**Entries shown**.
lemma blowup_value_less_iff:
  assumes "is_perm \<sigma>" "b < length \<sigma>" "b' < length \<sigma>" "t < c" "t' < c"
    and "b = b' \<Longrightarrow> t = t'"
  shows "c * (\<sigma> ! b - 1) + t < c * (\<sigma> ! b' - 1) + t' \<longleftrightarrow> \<sigma> ! b < \<sigma> ! b'"
proof -
  have pos: "\<sigma> ! b \<ge> 1" "\<sigma> ! b' \<ge> 1" using is_perm_nth[OF assms(1)] assms(2,3) by auto
  consider "\<sigma> ! b < \<sigma> ! b'" | "\<sigma> ! b' < \<sigma> ! b" | "\<sigma> ! b = \<sigma> ! b'" by linarith
  then show ?thesis
  proof cases
    case 1
    then have "c * (\<sigma> ! b - 1) + t < c * (\<sigma> ! b' - 1)"
      using pos assms(4) by (intro mult_add_less_mult) linarith+
    then show ?thesis using 1 by linarith
  next
    case 2
    then have "c * (\<sigma> ! b' - 1) + t' < c * (\<sigma> ! b - 1)"
      using pos assms(5) by (intro mult_add_less_mult) linarith+
    then show ?thesis using 2 by linarith
  next
    case 3
    then have "b = b'"
      using assms(1-3) nth_eq_iff_index_eq unfolding is_perm_def by blast
    then show ?thesis using assms(6) 3 by simp
  qed
qed

section \<open>Lifting sets of positions into the blow-up\<close>

text \<open>A triple (a, I, t) selects a copy a, a set I of positions of \<sigma> and an offset t b
  inside the run of every b \<in> I; it lifts to the corresponding set of positions of the blow-up.\<close>

definition lift_pos :: "nat \<Rightarrow> nat \<Rightarrow> nat \<Rightarrow> (nat \<Rightarrow> nat) \<Rightarrow> nat \<Rightarrow> nat" where
  "lift_pos c n a t b = a * (c * n) + c * b + t b"

definition lift_data :: "nat \<Rightarrow> nat \<Rightarrow> nat set set \<Rightarrow> (nat \<times> nat set \<times> (nat \<Rightarrow> nat)) set" where
  "lift_data r c \<A> = {0..<r} \<times> (SIGMA I:\<A>. I \<rightarrow>\<^sub>E {0..<c})"

definition lift :: "nat \<Rightarrow> nat \<Rightarrow> nat \<times> nat set \<times> (nat \<Rightarrow> nat) \<Rightarrow> nat set" where
  "lift c n = (\<lambda>(a, I, t). lift_pos c n a t ` I)"

lemma strict_mono_on_lift_pos:
  assumes "t \<in> I \<rightarrow>\<^sub>E {0..<c}"
  shows "strict_mono_on I (lift_pos c n a t)"
proof (rule strict_mono_onI)
  fix b b' assume "b \<in> I" "b' \<in> I" "b < b'"
  moreover have "t b < c" using assms \<open>b \<in> I\<close> by auto
  ultimately have "c * b + t b < c * b'" using mult_add_less_mult by blast
  then show "lift_pos c n a t b < lift_pos c n a t b'" unfolding lift_pos_def by simp
qed

lemma card_lift_pos_image:
  "t \<in> I \<rightarrow>\<^sub>E {0..<c} \<Longrightarrow> card (lift_pos c n a t ` I) = card I"
  by (rule card_image[OF strict_mono_on_imp_inj_on[OF strict_mono_on_lift_pos]])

**Task brief**.
Reproduce all of the listing, exactly as given.

**Result**.
lemma blowup_value_less_iff:
  assumes "is_perm \<sigma>" "b < length \<sigma>" "b' < length \<sigma>" "t < c" "t' < c"
    and "b = b' \<Longrightarrow> t = t'"
  shows "c * (\<sigma> ! b - 1) + t < c * (\<sigma> ! b' - 1) + t' \<longleftrightarrow> \<sigma> ! b < \<sigma> ! b'"
proof -
  have pos: "\<sigma> ! b \<ge> 1" "\<sigma> ! b' \<ge> 1" using is_perm_nth[OF assms(1)] assms(2,3) by auto
  consider "\<sigma> ! b < \<sigma> ! b'" | "\<sigma> ! b' < \<sigma> ! b" | "\<sigma> ! b = \<sigma> ! b'" by linarith
  then show ?thesis
  proof cases
    case 1
    then have "c * (\<sigma> ! b - 1) + t < c * (\<sigma> ! b' - 1)"
      using pos assms(4) by (intro mult_add_less_mult) linarith+
    then show ?thesis using 1 by linarith
  next
    case 2
    then have "c * (\<sigma> ! b' - 1) + t' < c * (\<sigma> ! b - 1)"
      using pos assms(5) by (intro mult_add_less_mult) linarith+
    then show ?thesis using 2 by linarith
  next
    case 3
    then have "b = b'"
      using assms(1-3) nth_eq_iff_index_eq unfolding is_perm_def by blast
    then show ?thesis using assms(6) 3 by simp
  qed
qed

section \<open>Lifting sets of positions into the blow-up\<close>

text \<open>A triple (a, I, t) selects a copy a, a set I of positions of \<sigma> and an offset t b
  inside the run of every b \<in> I; it lifts to the corresponding set of positions of the blow-up.\<close>

definition lift_pos :: "nat \<Rightarrow> nat \<Rightarrow> nat \<Rightarrow> (nat \<Rightarrow> nat) \<Rightarrow> nat \<Rightarrow> nat" where
  "lift_pos c n a t b = a * (c * n) + c * b + t b"

definition lift_data :: "nat \<Rightarrow> nat \<Rightarrow> nat set set \<Rightarrow> (nat \<times> nat set \<times> (nat \<Rightarrow> nat)) set" where
  "lift_data r c \<A> = {0..<r} \<times> (SIGMA I:\<A>. I \<rightarrow>\<^sub>E {0..<c})"

definition lift :: "nat \<Rightarrow> nat \<Rightarrow> nat \<times> nat set \<times> (nat \<Rightarrow> nat) \<Rightarrow> nat set" where
  "lift c n = (\<lambda>(a, I, t). lift_pos c n a t ` I)"

lemma strict_mono_on_lift_pos:
  assumes "t \<in> I \<rightarrow>\<^sub>E {0..<c}"
  shows "strict_mono_on I (lift_pos c n a t)"
proof (rule strict_mono_onI)
  fix b b' assume "b \<in> I" "b' \<in> I" "b < b'"
  moreover have "t b < c" using assms \<open>b \<in> I\<close> by auto
  ultimately have "c * b + t b < c * b'" using mult_add_less_mult by blast
  then show "lift_pos c n a t b < lift_pos c n a t b'" unfolding lift_pos_def by simp
qed

lemma card_lift_pos_image:
  "t \<in> I \<rightarrow>\<^sub>E {0..<c} \<Longrightarrow> card (lift_pos c n a t ` I) = card I"
  by (rule card_image[OF strict_mono_on_imp_inj_on[OF strict_mono_on_lift_pos]])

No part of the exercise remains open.